S'exprimant au sujet du défi posé par le diagnostic précoce et précis des maladies infectieuses, le Dr Sanjeev Singh a déclaré que les résultats des cultures bactériennes traditionnelles et des tests de sensibilité aux antimicrobiens, qui peuvent prendre plusieurs jours, restent l'un des principaux obstacles à thérapie. Les paramètres de laboratoire actuellement disponibles, tels que le nombre de globules blancs et la protéine réactive C, ne sont pas spécifiques. Ces marqueurs de substitution peuvent ne pas conduire à un traitement définitif, mais plutôt à un traitement empirique. Des progrès tels que le diagnostic rapide, l'approche syndromique qui utilise la réaction en chaîne de la polymérase (PCR) pour multiplexer les infections, un meilleur diagnostic de la virologie et l'utilisation de meilleurs marqueurs comme la procalcitonine peuvent aider à la détection précoce des infections.

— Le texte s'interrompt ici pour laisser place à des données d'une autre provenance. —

lemma is_branch_DERIV_z:
  assumes "is_branch n N l a U f" "open U" "(w, x, z) \<in> U" and r: "r \<in> {1..N}"
  shows "((\<lambda>t. f (w, x, z(r := t))) has_field_derivative
           f (w, x, z) * (- a * (\<Sum>i\<in>{1..n}. 2 * of_real (l i) / (z r - x i))
             + 2 * a * (\<Sum>s\<in>{1..N} - {r}. 1 / (z r - z s)) + (2 * a - 2) / (z r - w))) (at (z r))"
proof -
  define \<delta> where "\<delta> k = (if k = r then 1 else 0 :: complex)" for k
  have \<delta>_div: "c * (\<delta> k / e) = (if k = r then c / e else 0)" "\<delta> k / e = (if k = r then 1 / e else 0)"
    for c k e
    by (simp_all add: \<delta>_def)
  have "(\<lambda>k. z k + t * \<delta> k) = z(r := t + z r)" for t
    by (auto simp: \<delta>_def)
  then have "((\<lambda>t. f (w, x, z(r := t + z r))) has_field_derivative
      f (w, x, z) * ((\<Sum>i\<in>{1..n}. \<Sum>k\<in>{1..N}. - 2 * of_real (l i) * a * (\<delta> k / (z k - x i)))
        + (\<Sum>s\<in>{1..N}. \<Sum>q\<in>{1..<s}. 2 * a * ((\<delta> s - \<delta> q) / (z s - z q)))
        + (\<Sum>k\<in>{1..N}. (2 * a - 2) * (\<delta> k / (z k - w))))) (at 0)"
    using is_branch_DERIV_along_wz_line[OF assms(1-3), of 0 \<delta>] by (simp add: wz_line_def)
  moreover have "(\<Sum>i\<in>{1..n}. \<Sum>k\<in>{1..N}. - 2 * of_real (l i) * a * (\<delta> k / (z k - x i)))
      = - a * (\<Sum>i\<in>{1..n}. 2 * of_real (l i) / (z r - x i))"
    using r by (simp only: \<delta>_div(1)) (simp add: sum_distrib_left mult.commute)
  moreover have "(\<Sum>k\<in>{1..N}. (2 * a - 2) * (\<delta> k / (z k - w))) = (2 * a - 2) / (z r - w)"
    using r by (simp only: \<delta>_div(1)) simp
  moreover have "(\<Sum>s\<in>{1..N}. \<Sum>q\<in>{1..<s}. 2 * a * ((\<delta> s - \<delta> q) / (z s - z q)))
      = 2 * a * (\<Sum>s\<in>{1..N} - {r}. 1 / (z r - z s))"
  proof -
    have "(\<Sum>s\<in>{1..N}. \<Sum>q\<in>{1..<s}. (\<delta> s - \<delta> q) / (z s - z q))
        = (\<Sum>q\<in>{1..<r}. 1 / (z r - z q)) - (\<Sum>s\<in>{r<..N}. 1 / (z s - z r))"
      using sum_lower_pairs_delta[OF r, of "\<lambda>q s. 1 / (z s - z q)"]
      by (simp only: diff_divide_distrib \<delta>_div(2))
    also have "\<dots> = (\<Sum>s\<in>{1..<r} \<union> {r<..N}. 1 / (z r - z s))"
      by (subst sum.union_disjoint) (auto simp: sum_negf[symmetric] minus_divide_right)
    also have "{1..<r} \<union> {r<..N} = {1..N} - {r}"
      using r by auto
    finally have "(\<Sum>s\<in>{1..N}. \<Sum>q\<in>{1..<s}. (\<delta> s - \<delta> q) / (z s - z q))
        = (\<Sum>s\<in>{1..N} - {r}. 1 / (z r - z s))" .
    then show ?thesis
      by (simp only: sum_distrib_left[symmetric])
  qed
  ultimately show ?thesis
    using DERIV_shift[of "\<lambda>t. f (w, x, z(r := t))" _ 0 "z r"] by simp
qed

lemma g_fun_DERIV_z:
  assumes cfg: "(w, x, z) \<in> config n N" and r: "r \<in> {1..N}"
  shows "((\<lambda>t. g_fun n N l r (w, x, z(r := t))) has_field_derivative
           g_fun n N l r (w, x, z) * ((\<Sum>i\<in>{1..n}. of_nat (nat \<lfloor>2 * l i\<rfloor>) / (z r - x i))
             - (\<Sum>s\<in>{1..N} - {r}. 2 / (z r - z s)))) (at (z r))"
proof -
  define m where "m i = nat \<lfloor>2 * l i\<rfloor>" for i
  define P where "P t = (\<Prod>i\<in>{1..n}. (t - x i) ^ m i)" for t
  define Q where "Q t = (\<Prod>s\<in>{1..N} - {r}. (t - z s) ^ 2)" for t
  have xw: "\<And>i. i \<in> {1..n} \<Longrightarrow> x i \<noteq> w" and zw: "\<And>s. s \<in> {1..N} \<Longrightarrow> z s \<noteq> w"
    and xz: "\<And>i. i \<in> {1..n} \<Longrightarrow> x i \<noteq> z r" and zz: "\<And>s. s \<in> {1..N} - {r} \<Longrightarrow> z s \<noteq> z r"
    using cfg r by (auto simp: config_def dest: inj_onD)
  have g: "g_fun n N l r (w, x, z(r := t)) = - (P t / P w * (Q w / Q t))" for t
    by (simp add: g_fun_def P_def Q_def m_def power_divide prod_dividef)
  have "P w \<noteq> 0"
    using xw by (simp add: P_def eq_commute[of w])
  moreover have "Q (z r) \<noteq> 0"
    using zz by (simp add: Q_def eq_commute[of "z r"])
  moreover have "(P has_field_derivative P (z r) * (\<Sum>i\<in>{1..n}. of_nat (m i) / (z r - x i))) (at (z r))"
    unfolding P_def using xz by (intro DERIV_prod_linear_powers) metis
  moreover have "(Q has_field_derivative Q (z r) * (\<Sum>s\<in>{1..N} - {r}. of_nat 2 / (z r - z s))) (at (z r))"
    unfolding Q_def using zz by (intro DERIV_prod_linear_powers) metis
  ultimately have "((\<lambda>t. - (P t / P w * (Q w / Q t))) has_field_derivative
      - (P (z r) / P w * (Q w / Q (z r)))
        * ((\<Sum>i\<in>{1..n}. of_nat (m i) / (z r - x i)) - (\<Sum>s\<in>{1..N} - {r}. 2 / (z r - z s)))) (at (z r))"
    by (auto intro!: derivative_eq_intros elim!: DERIV_cong simp: field_simps power2_eq_square)
  moreover have "g_fun n N l r (w, x, z) = - (P (z r) / P w * (Q w / Q (z r)))"
    using g[of "z r"] by simp
  ultimately show ?thesis
    unfolding g m_def by simp
qed

lemma of_nat_nat_floor_double:
  assumes "l > 0" "2 * l \<in> \<int>"
  shows "of_nat (nat \<lfloor>2 * l\<rfloor>) = (2 * of_real l :: 'a::real_algebra_1)"
proof -
  obtain k where "2 * l = of_int k" "k \<ge> 0"
    using assms by (auto elim!: Ints_cases)
  then show ?thesis
    by (metis floor_of_int of_int_of_nat_eq of_real_of_int_eq nat_0_le of_real_mult of_real_numeral)
qed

Il a ajouté que malgré l'augmentation de la résistance aux antibiotiques, je ne pensais pas que le monde entrerait dans l'ère post-antibiotique en raison des progrès de la technologie et du recours au diagnostic rapide. Si en effet, un tel état est atteint, des mesures telles que de bonnes pratiques d'hygiène, une élimination sûre des déchets, la vaccination contre les maladies pouvant être prévenues par un vaccin et de bonnes pratiques de contrôle des infections peuvent aider au traitement.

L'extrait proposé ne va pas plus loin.